What the exercise asks. Count the lines of data below that include "powr". Provide only the number.

Data.
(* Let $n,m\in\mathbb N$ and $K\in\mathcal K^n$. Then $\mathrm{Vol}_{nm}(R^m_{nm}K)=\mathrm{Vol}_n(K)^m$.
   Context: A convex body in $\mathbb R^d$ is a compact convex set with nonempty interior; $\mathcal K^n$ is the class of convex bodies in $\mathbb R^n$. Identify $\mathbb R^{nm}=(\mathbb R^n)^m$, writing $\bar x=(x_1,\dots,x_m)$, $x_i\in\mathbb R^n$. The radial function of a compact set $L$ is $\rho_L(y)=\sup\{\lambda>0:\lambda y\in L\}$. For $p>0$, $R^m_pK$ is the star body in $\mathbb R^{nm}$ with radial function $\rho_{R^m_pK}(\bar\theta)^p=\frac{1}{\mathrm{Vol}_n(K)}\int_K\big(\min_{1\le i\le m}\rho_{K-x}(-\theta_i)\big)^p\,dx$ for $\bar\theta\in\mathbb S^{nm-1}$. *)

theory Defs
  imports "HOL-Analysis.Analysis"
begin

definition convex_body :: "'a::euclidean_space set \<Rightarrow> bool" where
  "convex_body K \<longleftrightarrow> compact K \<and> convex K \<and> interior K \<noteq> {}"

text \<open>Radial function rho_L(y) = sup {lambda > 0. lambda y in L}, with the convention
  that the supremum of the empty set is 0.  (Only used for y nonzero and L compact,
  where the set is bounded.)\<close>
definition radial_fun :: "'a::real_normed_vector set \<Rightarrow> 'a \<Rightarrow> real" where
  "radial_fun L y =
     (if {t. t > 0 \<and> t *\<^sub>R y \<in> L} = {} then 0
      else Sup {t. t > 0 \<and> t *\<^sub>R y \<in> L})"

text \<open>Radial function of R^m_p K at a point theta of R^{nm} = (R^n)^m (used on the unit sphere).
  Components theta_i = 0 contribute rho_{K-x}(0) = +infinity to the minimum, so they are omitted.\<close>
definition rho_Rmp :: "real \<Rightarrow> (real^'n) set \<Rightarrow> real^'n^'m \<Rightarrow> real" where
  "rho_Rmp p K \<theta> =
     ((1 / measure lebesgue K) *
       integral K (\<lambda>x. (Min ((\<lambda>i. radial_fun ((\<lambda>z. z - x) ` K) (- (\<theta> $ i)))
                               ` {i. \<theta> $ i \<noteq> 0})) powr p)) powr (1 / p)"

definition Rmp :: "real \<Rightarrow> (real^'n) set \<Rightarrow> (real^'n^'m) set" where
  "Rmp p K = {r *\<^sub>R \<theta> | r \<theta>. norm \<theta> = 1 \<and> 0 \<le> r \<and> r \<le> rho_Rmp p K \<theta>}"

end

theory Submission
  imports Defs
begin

---

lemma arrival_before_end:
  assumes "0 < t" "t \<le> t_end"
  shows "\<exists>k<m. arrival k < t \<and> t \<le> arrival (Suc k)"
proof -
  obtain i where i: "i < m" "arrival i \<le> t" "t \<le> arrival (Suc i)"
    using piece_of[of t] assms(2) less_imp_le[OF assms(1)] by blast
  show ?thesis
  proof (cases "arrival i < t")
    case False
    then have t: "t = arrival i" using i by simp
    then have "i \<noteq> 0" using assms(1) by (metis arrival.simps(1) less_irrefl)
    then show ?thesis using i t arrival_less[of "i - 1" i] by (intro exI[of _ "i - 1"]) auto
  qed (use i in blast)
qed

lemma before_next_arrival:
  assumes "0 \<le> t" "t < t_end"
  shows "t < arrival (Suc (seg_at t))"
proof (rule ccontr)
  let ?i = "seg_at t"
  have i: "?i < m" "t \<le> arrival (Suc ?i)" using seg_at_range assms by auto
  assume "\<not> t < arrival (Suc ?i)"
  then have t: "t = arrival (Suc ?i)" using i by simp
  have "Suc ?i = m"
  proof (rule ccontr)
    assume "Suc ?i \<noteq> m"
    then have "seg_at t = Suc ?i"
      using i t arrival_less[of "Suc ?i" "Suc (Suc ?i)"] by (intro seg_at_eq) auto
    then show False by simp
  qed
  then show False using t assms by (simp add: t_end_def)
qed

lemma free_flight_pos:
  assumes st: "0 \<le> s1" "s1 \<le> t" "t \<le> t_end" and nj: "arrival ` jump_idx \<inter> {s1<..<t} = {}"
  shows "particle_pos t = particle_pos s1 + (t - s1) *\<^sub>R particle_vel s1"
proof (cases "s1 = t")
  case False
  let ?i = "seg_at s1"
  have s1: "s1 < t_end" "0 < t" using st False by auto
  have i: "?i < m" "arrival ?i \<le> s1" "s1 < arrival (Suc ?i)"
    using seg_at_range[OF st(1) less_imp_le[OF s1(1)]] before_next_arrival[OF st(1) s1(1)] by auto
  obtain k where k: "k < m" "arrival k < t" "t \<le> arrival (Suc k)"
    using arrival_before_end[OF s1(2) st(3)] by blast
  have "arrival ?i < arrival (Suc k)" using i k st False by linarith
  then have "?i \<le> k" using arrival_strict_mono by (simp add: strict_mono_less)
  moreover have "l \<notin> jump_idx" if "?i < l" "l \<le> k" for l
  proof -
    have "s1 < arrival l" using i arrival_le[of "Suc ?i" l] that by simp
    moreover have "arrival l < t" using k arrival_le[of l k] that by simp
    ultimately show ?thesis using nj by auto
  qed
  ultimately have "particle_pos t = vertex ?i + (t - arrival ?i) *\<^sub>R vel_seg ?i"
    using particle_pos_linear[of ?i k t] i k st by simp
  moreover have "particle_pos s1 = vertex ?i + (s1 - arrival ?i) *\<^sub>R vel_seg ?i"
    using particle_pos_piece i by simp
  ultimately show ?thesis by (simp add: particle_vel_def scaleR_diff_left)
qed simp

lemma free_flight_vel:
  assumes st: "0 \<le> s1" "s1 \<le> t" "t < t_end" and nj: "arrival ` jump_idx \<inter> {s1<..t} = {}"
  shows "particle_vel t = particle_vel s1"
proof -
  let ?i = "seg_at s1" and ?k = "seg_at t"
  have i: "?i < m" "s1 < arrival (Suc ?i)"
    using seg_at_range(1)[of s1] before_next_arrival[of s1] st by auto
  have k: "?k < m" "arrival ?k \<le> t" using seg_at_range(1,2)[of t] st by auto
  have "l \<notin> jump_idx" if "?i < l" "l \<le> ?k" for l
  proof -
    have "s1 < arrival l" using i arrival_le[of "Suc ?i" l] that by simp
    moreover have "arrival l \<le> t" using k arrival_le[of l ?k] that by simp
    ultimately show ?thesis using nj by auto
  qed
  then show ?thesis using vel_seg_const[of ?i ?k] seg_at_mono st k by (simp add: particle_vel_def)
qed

--

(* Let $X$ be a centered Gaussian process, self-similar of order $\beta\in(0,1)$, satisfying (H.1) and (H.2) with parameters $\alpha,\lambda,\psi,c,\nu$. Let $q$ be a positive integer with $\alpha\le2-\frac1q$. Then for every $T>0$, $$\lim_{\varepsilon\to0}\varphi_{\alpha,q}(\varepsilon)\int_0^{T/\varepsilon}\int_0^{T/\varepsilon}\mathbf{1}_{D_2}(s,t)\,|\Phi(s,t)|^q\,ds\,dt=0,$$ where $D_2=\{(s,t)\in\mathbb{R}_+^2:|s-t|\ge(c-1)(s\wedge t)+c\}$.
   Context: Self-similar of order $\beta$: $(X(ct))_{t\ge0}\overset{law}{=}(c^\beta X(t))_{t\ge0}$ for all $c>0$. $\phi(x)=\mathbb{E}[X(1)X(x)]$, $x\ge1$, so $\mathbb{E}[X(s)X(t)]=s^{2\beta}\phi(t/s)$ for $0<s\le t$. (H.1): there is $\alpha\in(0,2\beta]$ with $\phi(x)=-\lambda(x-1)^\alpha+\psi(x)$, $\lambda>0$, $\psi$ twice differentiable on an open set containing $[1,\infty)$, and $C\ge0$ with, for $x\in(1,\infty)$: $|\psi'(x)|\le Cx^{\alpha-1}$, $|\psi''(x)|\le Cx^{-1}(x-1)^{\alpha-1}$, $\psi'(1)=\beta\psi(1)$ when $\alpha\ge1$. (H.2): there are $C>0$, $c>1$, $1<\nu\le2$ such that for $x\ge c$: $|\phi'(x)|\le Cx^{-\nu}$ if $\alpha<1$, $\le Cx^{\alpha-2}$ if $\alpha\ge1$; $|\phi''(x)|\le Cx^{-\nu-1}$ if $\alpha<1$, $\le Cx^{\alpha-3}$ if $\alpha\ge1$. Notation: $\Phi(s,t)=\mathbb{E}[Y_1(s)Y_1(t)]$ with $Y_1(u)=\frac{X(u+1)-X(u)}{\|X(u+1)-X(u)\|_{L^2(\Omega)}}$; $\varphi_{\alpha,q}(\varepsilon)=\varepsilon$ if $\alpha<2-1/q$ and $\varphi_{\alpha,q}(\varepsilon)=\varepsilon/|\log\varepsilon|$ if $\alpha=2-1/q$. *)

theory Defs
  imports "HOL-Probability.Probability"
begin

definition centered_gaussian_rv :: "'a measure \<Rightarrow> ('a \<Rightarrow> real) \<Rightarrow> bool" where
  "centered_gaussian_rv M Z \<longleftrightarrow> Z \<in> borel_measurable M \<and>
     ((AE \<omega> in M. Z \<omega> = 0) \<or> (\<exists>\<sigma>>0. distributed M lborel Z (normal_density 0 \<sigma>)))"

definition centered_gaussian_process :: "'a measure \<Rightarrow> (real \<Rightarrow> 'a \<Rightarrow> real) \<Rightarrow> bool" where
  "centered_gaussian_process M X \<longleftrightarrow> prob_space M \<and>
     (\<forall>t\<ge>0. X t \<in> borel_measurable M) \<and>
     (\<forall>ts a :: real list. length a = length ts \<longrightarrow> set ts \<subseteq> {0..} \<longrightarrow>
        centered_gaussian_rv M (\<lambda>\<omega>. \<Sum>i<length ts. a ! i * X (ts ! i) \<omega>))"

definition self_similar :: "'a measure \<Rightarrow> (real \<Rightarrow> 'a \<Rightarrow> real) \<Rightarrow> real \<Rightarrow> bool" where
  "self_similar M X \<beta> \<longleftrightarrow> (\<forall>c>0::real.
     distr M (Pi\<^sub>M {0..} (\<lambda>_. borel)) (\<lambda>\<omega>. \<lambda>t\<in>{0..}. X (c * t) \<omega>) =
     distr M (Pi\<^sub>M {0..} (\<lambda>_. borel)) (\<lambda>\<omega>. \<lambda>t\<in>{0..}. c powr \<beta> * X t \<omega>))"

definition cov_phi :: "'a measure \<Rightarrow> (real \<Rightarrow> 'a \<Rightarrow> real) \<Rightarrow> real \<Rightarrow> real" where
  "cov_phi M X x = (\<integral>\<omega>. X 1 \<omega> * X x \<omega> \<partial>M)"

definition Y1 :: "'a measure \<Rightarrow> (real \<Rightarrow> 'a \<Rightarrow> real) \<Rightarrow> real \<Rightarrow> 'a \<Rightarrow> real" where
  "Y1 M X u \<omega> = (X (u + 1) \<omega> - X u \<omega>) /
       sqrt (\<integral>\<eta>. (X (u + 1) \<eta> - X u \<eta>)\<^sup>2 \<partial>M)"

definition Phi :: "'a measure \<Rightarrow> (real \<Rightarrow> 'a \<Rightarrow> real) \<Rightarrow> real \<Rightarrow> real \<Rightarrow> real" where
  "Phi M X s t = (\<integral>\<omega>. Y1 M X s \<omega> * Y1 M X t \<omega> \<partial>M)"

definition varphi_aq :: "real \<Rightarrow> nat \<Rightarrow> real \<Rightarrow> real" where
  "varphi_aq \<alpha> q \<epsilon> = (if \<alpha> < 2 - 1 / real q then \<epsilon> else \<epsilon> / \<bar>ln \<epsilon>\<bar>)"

Answer. 2